## [Assignment]
Your job is to set down the stretch of entries that opens with the line containing "card (edges_between E" and closes with the line containing "approx_eq (real (card (nbhd E v Vk)))". Keep both end lines, copy each exactly, and add nothing.

Segment Start: Data in this exercise

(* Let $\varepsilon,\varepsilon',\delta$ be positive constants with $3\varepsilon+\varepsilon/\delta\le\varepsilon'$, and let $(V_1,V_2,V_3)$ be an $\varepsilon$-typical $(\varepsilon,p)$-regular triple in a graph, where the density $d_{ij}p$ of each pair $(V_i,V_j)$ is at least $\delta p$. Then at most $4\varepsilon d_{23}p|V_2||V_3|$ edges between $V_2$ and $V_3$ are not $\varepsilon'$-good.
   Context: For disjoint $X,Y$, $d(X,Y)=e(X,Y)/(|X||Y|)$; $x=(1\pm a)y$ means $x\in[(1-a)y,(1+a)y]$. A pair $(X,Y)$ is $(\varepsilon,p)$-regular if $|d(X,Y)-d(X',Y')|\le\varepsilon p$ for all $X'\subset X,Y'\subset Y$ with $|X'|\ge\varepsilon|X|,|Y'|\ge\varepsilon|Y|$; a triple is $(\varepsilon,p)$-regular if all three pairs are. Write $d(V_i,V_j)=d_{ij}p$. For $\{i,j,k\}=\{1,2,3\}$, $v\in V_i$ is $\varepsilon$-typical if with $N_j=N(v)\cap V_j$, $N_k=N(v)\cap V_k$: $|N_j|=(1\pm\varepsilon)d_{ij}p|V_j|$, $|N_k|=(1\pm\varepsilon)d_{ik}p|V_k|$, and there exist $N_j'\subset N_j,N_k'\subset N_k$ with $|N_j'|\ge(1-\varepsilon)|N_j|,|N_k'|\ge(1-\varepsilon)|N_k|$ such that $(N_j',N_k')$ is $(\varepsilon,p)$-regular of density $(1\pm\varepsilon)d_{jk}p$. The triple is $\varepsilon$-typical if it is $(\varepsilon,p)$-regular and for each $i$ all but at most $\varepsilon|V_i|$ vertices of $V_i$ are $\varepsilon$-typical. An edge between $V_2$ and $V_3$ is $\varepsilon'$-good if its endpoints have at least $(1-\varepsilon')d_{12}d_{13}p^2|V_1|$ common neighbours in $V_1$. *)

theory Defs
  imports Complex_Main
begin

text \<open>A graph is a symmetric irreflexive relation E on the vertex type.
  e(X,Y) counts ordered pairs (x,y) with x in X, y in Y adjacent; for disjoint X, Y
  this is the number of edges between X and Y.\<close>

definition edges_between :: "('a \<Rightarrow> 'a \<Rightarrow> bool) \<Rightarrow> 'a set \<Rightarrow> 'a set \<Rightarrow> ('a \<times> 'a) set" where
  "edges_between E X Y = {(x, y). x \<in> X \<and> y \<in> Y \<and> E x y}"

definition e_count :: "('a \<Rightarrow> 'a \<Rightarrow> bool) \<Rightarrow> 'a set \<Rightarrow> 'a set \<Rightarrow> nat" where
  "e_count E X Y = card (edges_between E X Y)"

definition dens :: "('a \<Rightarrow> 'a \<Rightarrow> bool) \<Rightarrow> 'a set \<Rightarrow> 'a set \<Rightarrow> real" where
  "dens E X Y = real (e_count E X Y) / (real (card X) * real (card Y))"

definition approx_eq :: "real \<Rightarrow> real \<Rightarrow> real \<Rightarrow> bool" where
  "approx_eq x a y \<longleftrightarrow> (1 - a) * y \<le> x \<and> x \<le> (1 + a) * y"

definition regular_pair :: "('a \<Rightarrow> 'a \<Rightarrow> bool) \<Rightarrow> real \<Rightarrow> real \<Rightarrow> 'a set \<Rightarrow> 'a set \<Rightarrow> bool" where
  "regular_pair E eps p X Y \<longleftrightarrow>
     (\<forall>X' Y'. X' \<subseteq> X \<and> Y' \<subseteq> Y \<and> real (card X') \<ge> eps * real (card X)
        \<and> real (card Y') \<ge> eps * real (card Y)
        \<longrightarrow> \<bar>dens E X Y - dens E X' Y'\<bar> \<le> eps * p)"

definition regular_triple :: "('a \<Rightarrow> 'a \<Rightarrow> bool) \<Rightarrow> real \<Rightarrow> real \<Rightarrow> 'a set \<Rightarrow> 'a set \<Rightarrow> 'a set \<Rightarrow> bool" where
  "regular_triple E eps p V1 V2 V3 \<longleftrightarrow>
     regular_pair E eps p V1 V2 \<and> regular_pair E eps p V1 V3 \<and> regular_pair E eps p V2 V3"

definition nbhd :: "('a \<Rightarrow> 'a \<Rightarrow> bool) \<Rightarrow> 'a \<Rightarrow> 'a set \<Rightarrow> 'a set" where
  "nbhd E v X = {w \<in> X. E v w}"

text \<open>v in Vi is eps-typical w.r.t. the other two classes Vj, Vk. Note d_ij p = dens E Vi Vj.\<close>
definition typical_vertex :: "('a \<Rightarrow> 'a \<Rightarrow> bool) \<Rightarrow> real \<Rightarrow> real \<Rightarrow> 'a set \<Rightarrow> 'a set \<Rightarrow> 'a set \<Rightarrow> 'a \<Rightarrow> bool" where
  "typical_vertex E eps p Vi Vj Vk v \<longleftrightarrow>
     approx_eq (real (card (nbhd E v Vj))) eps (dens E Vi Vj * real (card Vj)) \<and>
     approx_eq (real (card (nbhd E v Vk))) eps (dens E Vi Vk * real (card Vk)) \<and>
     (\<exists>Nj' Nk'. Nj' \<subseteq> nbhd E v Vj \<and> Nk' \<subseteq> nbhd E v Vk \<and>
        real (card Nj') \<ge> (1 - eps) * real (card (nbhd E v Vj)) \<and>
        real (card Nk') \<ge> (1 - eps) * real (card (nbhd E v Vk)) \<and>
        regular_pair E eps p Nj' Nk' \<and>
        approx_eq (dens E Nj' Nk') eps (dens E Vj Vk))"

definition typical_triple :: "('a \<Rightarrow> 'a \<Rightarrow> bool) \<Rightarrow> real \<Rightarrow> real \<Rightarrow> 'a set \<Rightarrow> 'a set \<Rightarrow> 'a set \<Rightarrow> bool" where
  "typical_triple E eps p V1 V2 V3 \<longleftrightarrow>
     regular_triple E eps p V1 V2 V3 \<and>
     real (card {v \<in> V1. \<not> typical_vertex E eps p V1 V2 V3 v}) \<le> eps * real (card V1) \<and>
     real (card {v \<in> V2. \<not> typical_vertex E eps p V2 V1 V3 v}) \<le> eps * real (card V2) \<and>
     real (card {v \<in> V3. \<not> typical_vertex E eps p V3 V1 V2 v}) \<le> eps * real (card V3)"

Segment End: Data in this exercise
Segment Start: Data in this exercise

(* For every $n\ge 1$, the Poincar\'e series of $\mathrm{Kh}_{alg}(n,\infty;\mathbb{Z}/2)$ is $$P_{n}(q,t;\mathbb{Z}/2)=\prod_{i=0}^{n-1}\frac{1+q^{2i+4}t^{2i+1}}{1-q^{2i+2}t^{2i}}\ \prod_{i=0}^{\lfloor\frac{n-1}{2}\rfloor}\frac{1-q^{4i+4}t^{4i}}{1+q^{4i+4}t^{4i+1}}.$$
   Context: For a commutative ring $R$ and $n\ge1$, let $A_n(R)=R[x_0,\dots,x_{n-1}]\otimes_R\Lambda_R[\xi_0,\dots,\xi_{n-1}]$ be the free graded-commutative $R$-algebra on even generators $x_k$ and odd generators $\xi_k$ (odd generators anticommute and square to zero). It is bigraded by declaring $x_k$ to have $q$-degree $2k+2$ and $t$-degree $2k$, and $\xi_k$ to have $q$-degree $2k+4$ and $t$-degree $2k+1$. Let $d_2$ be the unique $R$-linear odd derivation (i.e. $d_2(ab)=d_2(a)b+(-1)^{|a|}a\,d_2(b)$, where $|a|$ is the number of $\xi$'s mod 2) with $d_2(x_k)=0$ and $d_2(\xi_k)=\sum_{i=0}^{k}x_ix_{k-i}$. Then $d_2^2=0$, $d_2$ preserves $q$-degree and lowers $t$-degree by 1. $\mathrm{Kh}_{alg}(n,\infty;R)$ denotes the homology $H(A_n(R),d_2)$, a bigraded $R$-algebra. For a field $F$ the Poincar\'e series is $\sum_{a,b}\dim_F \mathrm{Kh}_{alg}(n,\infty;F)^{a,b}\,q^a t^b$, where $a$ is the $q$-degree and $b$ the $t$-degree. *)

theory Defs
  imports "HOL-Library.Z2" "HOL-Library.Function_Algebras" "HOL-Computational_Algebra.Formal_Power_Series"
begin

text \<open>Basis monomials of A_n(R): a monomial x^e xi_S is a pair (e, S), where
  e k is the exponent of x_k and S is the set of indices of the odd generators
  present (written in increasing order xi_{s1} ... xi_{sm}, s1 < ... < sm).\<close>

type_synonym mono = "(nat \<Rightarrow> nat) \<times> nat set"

Segment End: Data in this exercise

## [Your response]
  "e_count E X Y = card (edges_between E X Y)"

definition dens :: "('a \<Rightarrow> 'a \<Rightarrow> bool) \<Rightarrow> 'a set \<Rightarrow> 'a set \<Rightarrow> real" where
  "dens E X Y = real (e_count E X Y) / (real (card X) * real (card Y))"

definition approx_eq :: "real \<Rightarrow> real \<Rightarrow> real \<Rightarrow> bool" where
  "approx_eq x a y \<longleftrightarrow> (1 - a) * y \<le> x \<and> x \<le> (1 + a) * y"

definition regular_pair :: "('a \<Rightarrow> 'a \<Rightarrow> bool) \<Rightarrow> real \<Rightarrow> real \<Rightarrow> 'a set \<Rightarrow> 'a set \<Rightarrow> bool" where
  "regular_pair E eps p X Y \<longleftrightarrow>
     (\<forall>X' Y'. X' \<subseteq> X \<and> Y' \<subseteq> Y \<and> real (card X') \<ge> eps * real (card X)
        \<and> real (card Y') \<ge> eps * real (card Y)
        \<longrightarrow> \<bar>dens E X Y - dens E X' Y'\<bar> \<le> eps * p)"

definition regular_triple :: "('a \<Rightarrow> 'a \<Rightarrow> bool) \<Rightarrow> real \<Rightarrow> real \<Rightarrow> 'a set \<Rightarrow> 'a set \<Rightarrow> 'a set \<Rightarrow> bool" where
  "regular_triple E eps p V1 V2 V3 \<longleftrightarrow>
     regular_pair E eps p V1 V2 \<and> regular_pair E eps p V1 V3 \<and> regular_pair E eps p V2 V3"

definition nbhd :: "('a \<Rightarrow> 'a \<Rightarrow> bool) \<Rightarrow> 'a \<Rightarrow> 'a set \<Rightarrow> 'a set" where
  "nbhd E v X = {w \<in> X. E v w}"

text \<open>v in Vi is eps-typical w.r.t. the other two classes Vj, Vk. Note d_ij p = dens E Vi Vj.\<close>
definition typical_vertex :: "('a \<Rightarrow> 'a \<Rightarrow> bool) \<Rightarrow> real \<Rightarrow> real \<Rightarrow> 'a set \<Rightarrow> 'a set \<Rightarrow> 'a set \<Rightarrow> 'a \<Rightarrow> bool" where
  "typical_vertex E eps p Vi Vj Vk v \<longleftrightarrow>
     approx_eq (real (card (nbhd E v Vj))) eps (dens E Vi Vj * real (card Vj)) \<and>
     approx_eq (real (card (nbhd E v Vk))) eps (dens E Vi Vk * real (card Vk)) \<and>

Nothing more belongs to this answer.